- AIM OF THE EXERCISE -
Given the records below, transcribe each of them exactly.

- Collected data -
(* Let $b>1$ be an integer and let $\mathcal{A}$ be a minimal complete deterministic automaton over $A_b=\{0,\ldots,b-1\}$. Let $\ell+1$ be the number of states of $\mathcal{A}$ that belong to $0$-circuits. Then $\mathcal{A}$ accepts by value an impurely periodic set of integers if and only if the following three conditions hold: (a) there exists a pseudo-morphism $\phi:\mathcal{A}\to\mathcal{A}_{?,\ell}$ (this condition is understood to fail if $\ell=0$, since $\mathcal{A}_{?,0}$ is not defined); (b) for all states $s,s'$ of $\mathcal{A}$ distinct from the initial state, if $\phi(s)=\phi(s')$ then $s$ and $s'$ are ultimately-equivalent; (c) the initial state bears a self-loop labelled by the digit $0$ and has no other incoming transitions.
   Context: For $u=u_\ell\cdots u_0\in A_b^*$, $\mathrm{val}(u)=\sum_i u_i b^i$. An automaton accepts by value a set $X\subseteq\mathbb{N}$ if for every word $u$, $u$ is accepted iff $\mathrm{val}(u)\in X$. A set $P\subseteq\mathbb{N}$ is purely periodic if $P=R+p\mathbb{N}$ for some $p\ge1$ and $R\subseteq\{0,\ldots,p-1\}$; a set is eventually periodic if there exist $p\ge1$, $N\ge0$ with $x\in X\iff x+p\in X$ for all $x\ge N$; it is impurely periodic if it is eventually periodic but not purely periodic. $s\cdot u$ denotes the state reached from $s$ by reading $u$. A $0$-circuit is a circuit all of whose transitions are labelled $0$. For $q\ge1$, $\mathcal{A}_{?,q}$ is the complete deterministic automaton over $A_b$ with states $\{0,\ldots,q-1\}$, initial state $0$, transitions $n\xrightarrow{a}(nb+a)\bmod q$, and no specified final states. A pseudo-morphism $\mathcal{A}\to\mathcal{M}$ between complete deterministic automata is a map $\phi$ on states sending initial state to initial state with $\phi(s\cdot a)=\phi(s)\cdot a$ for all states $s$ and letters $a$. Two states $s,s'$ are ultimately-equivalent if there is $m\ge1$ with $s\cdot u=s'\cdot u$ for all words $u$ with $|u|\ge m$. *)

theory Defs
  imports Main
begin

text \<open>Words over A_b = {0,...,b-1} are lists of digits, written most significant
digit first: the list [u_l, ..., u_0] represents u = u_l ... u_0.\<close>

definition is_word :: "nat \<Rightarrow> nat list \<Rightarrow> bool" where
  "is_word b u \<longleftrightarrow> set u \<subseteq> {0..<b}"

definition val :: "nat \<Rightarrow> nat list \<Rightarrow> nat" where
  "val b u = (\<Sum>i<length u. rev u ! i * b ^ i)"
lemma inj_on_pair_fst: "inj_on \<phi> (A \<times> B) \<Longrightarrow> b \<in> B \<Longrightarrow> inj_on (\<lambda>a. \<phi> (a, b)) A"
  and inj_on_pair_snd: "inj_on \<phi> (A \<times> B) \<Longrightarrow> a \<in> A \<Longrightarrow> inj_on (\<lambda>b. \<phi> (a, b)) B"
  by (auto simp: inj_on_def)

lemma ex_pairing_Npos:
  assumes "finite E" "E \<subseteq> Npos"
  shows "\<exists>\<phi>. bij_betw \<phi> (Npos \<times> Npos) Npos \<and> (\<forall>a\<in>E. \<phi> (a, 1) = a)"
proof -
  obtain e1 :: "nat \<Rightarrow> nat" where e1: "bij_betw e1 UNIV Npos"
    using countable_infiniteE'[OF countableI_type infinite_Npos] by blast
  obtain e2 :: "nat \<Rightarrow> nat \<times> nat" where e2: "bij_betw e2 UNIV (Npos \<times> Npos)"
  proof (rule countable_infiniteE'[OF countableI_type])
    show "infinite (Npos \<times> Npos)"
      using infinite_Npos one_in_Npos by (auto simp: finite_cartesian_product_iff)
  qed
  define \<phi>0 where "\<phi>0 = e1 \<circ> inv_into UNIV e2"
  have \<phi>0: "bij_betw \<phi>0 (Npos \<times> Npos) Npos"
    unfolding \<phi>0_def by (rule bij_betw_trans[OF bij_betw_inv_into[OF e2] e1])
  have "inj_on (\<lambda>a. \<phi>0 (a, 1)) E"
    using inj_on_pair_fst[OF bij_betw_imp_inj_on[OF \<phi>0] one_in_Npos] assms(2) by (rule inj_on_subset)
  moreover have "(\<lambda>a. \<phi>0 (a, 1)) ` E \<subseteq> Npos"
    using assms(2) bij_betw_apply[OF \<phi>0] by auto
  ultimately obtain \<sigma> where \<sigma>: "bij \<sigma>" "\<sigma> 0 = 0" "\<And>a. a \<in> E \<Longrightarrow> \<sigma> a = \<phi>0 (a, 1)"
    using inj_on_extends_to_bij_fixing_0[OF assms] by blast
  have "Hilbert_Choice.inv \<sigma> 0 = 0"
    by (metis \<sigma>(1,2) bij_is_inj inv_f_f)
  then have "bij_betw (Hilbert_Choice.inv \<sigma>) Npos Npos"
    unfolding Npos_eq_Compl by (rule bij_betw_Compl_fixpoint[OF bij_imp_bij_inv[OF \<sigma>(1)]])
  then have "bij_betw (Hilbert_Choice.inv \<sigma> \<circ> \<phi>0) (Npos \<times> Npos) Npos"
    using \<phi>0 by (rule bij_betw_trans[rotated])
  moreover have "(Hilbert_Choice.inv \<sigma> \<circ> \<phi>0) (a, 1) = a" if "a \<in> E" for a
  proof -
    have "\<phi>0 (a, 1) = \<sigma> a" using \<sigma>(3) that by simp
    then show ?thesis using bij_is_inj[OF \<sigma>(1)] by simp
  qed
  ultimately show ?thesis by blast
qed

- OUTPUT FOR THIS EXERCISE -
(* Let $b>1$ be an integer and let $\mathcal{A}$ be a minimal complete deterministic automaton over $A_b=\{0,\ldots,b-1\}$. Let $\ell+1$ be the number of states of $\mathcal{A}$ that belong to $0$-circuits. Then $\mathcal{A}$ accepts by value an impurely periodic set of integers if and only if the following three conditions hold: (a) there exists a pseudo-morphism $\phi:\mathcal{A}\to\mathcal{A}_{?,\ell}$ (this condition is understood to fail if $\ell=0$, since $\mathcal{A}_{?,0}$ is not defined); (b) for all states $s,s'$ of $\mathcal{A}$ distinct from the initial state, if $\phi(s)=\phi(s')$ then $s$ and $s'$ are ultimately-equivalent; (c) the initial state bears a self-loop labelled by the digit $0$ and has no other incoming transitions.
   Context: For $u=u_\ell\cdots u_0\in A_b^*$, $\mathrm{val}(u)=\sum_i u_i b^i$. An automaton accepts by value a set $X\subseteq\mathbb{N}$ if for every word $u$, $u$ is accepted iff $\mathrm{val}(u)\in X$. A set $P\subseteq\mathbb{N}$ is purely periodic if $P=R+p\mathbb{N}$ for some $p\ge1$ and $R\subseteq\{0,\ldots,p-1\}$; a set is eventually periodic if there exist $p\ge1$, $N\ge0$ with $x\in X\iff x+p\in X$ for all $x\ge N$; it is impurely periodic if it is eventually periodic but not purely periodic. $s\cdot u$ denotes the state reached from $s$ by reading $u$. A $0$-circuit is a circuit all of whose transitions are labelled $0$. For $q\ge1$, $\mathcal{A}_{?,q}$ is the complete deterministic automaton over $A_b$ with states $\{0,\ldots,q-1\}$, initial state $0$, transitions $n\xrightarrow{a}(nb+a)\bmod q$, and no specified final states. A pseudo-morphism $\mathcal{A}\to\mathcal{M}$ between complete deterministic automata is a map $\phi$ on states sending initial state to initial state with $\phi(s\cdot a)=\phi(s)\cdot a$ for all states $s$ and letters $a$. Two states $s,s'$ are ultimately-equivalent if there is $m\ge1$ with $s\cdot u=s'\cdot u$ for all words $u$ with $|u|\ge m$. *)

theory Defs
  imports Main
begin

text \<open>Words over A_b = {0,...,b-1} are lists of digits, written most significant
digit first: the list [u_l, ..., u_0] represents u = u_l ... u_0.\<close>

definition is_word :: "nat \<Rightarrow> nat list \<Rightarrow> bool" where
  "is_word b u \<longleftrightarrow> set u \<subseteq> {0..<b}"

definition val :: "nat \<Rightarrow> nat list \<Rightarrow> nat" where
  "val b u = (\<Sum>i<length u. rev u ! i * b ^ i)"
lemma inj_on_pair_fst: "inj_on \<phi> (A \<times> B) \<Longrightarrow> b \<in> B \<Longrightarrow> inj_on (\<lambda>a. \<phi> (a, b)) A"
  and inj_on_pair_snd: "inj_on \<phi> (A \<times> B) \<Longrightarrow> a \<in> A \<Longrightarrow> inj_on (\<lambda>b. \<phi> (a, b)) B"
  by (auto simp: inj_on_def)

lemma ex_pairing_Npos:
  assumes "finite E" "E \<subseteq> Npos"
  shows "\<exists>\<phi>. bij_betw \<phi> (Npos \<times> Npos) Npos \<and> (\<forall>a\<in>E. \<phi> (a, 1) = a)"
proof -
  obtain e1 :: "nat \<Rightarrow> nat" where e1: "bij_betw e1 UNIV Npos"
    using countable_infiniteE'[OF countableI_type infinite_Npos] by blast
  obtain e2 :: "nat \<Rightarrow> nat \<times> nat" where e2: "bij_betw e2 UNIV (Npos \<times> Npos)"
  proof (rule countable_infiniteE'[OF countableI_type])
    show "infinite (Npos \<times> Npos)"
      using infinite_Npos one_in_Npos by (auto simp: finite_cartesian_product_iff)
  qed
  define \<phi>0 where "\<phi>0 = e1 \<circ> inv_into UNIV e2"
  have \<phi>0: "bij_betw \<phi>0 (Npos \<times> Npos) Npos"
    unfolding \<phi>0_def by (rule bij_betw_trans[OF bij_betw_inv_into[OF e2] e1])
  have "inj_on (\<lambda>a. \<phi>0 (a, 1)) E"
    using inj_on_pair_fst[OF bij_betw_imp_inj_on[OF \<phi>0] one_in_Npos] assms(2) by (rule inj_on_subset)
  moreover have "(\<lambda>a. \<phi>0 (a, 1)) ` E \<subseteq> Npos"
    using assms(2) bij_betw_apply[OF \<phi>0] by auto
  ultimately obtain \<sigma> where \<sigma>: "bij \<sigma>" "\<sigma> 0 = 0" "\<And>a. a \<in> E \<Longrightarrow> \<sigma> a = \<phi>0 (a, 1)"
    using inj_on_extends_to_bij_fixing_0[OF assms] by blast
  have "Hilbert_Choice.inv \<sigma> 0 = 0"
    by (metis \<sigma>(1,2) bij_is_inj inv_f_f)
  then have "bij_betw (Hilbert_Choice.inv \<sigma>) Npos Npos"
    unfolding Npos_eq_Compl by (rule bij_betw_Compl_fixpoint[OF bij_imp_bij_inv[OF \<sigma>(1)]])
  then have "bij_betw (Hilbert_Choice.inv \<sigma> \<circ> \<phi>0) (Npos \<times> Npos) Npos"
    using \<phi>0 by (rule bij_betw_trans[rotated])
  moreover have "(Hilbert_Choice.inv \<sigma> \<circ> \<phi>0) (a, 1) = a" if "a \<in> E" for a
  proof -
    have "\<phi>0 (a, 1) = \<sigma> a" using \<sigma>(3) that by simp
    then show ?thesis using bij_is_inj[OF \<sigma>(1)] by simp
  qed
  ultimately show ?thesis by blast
qed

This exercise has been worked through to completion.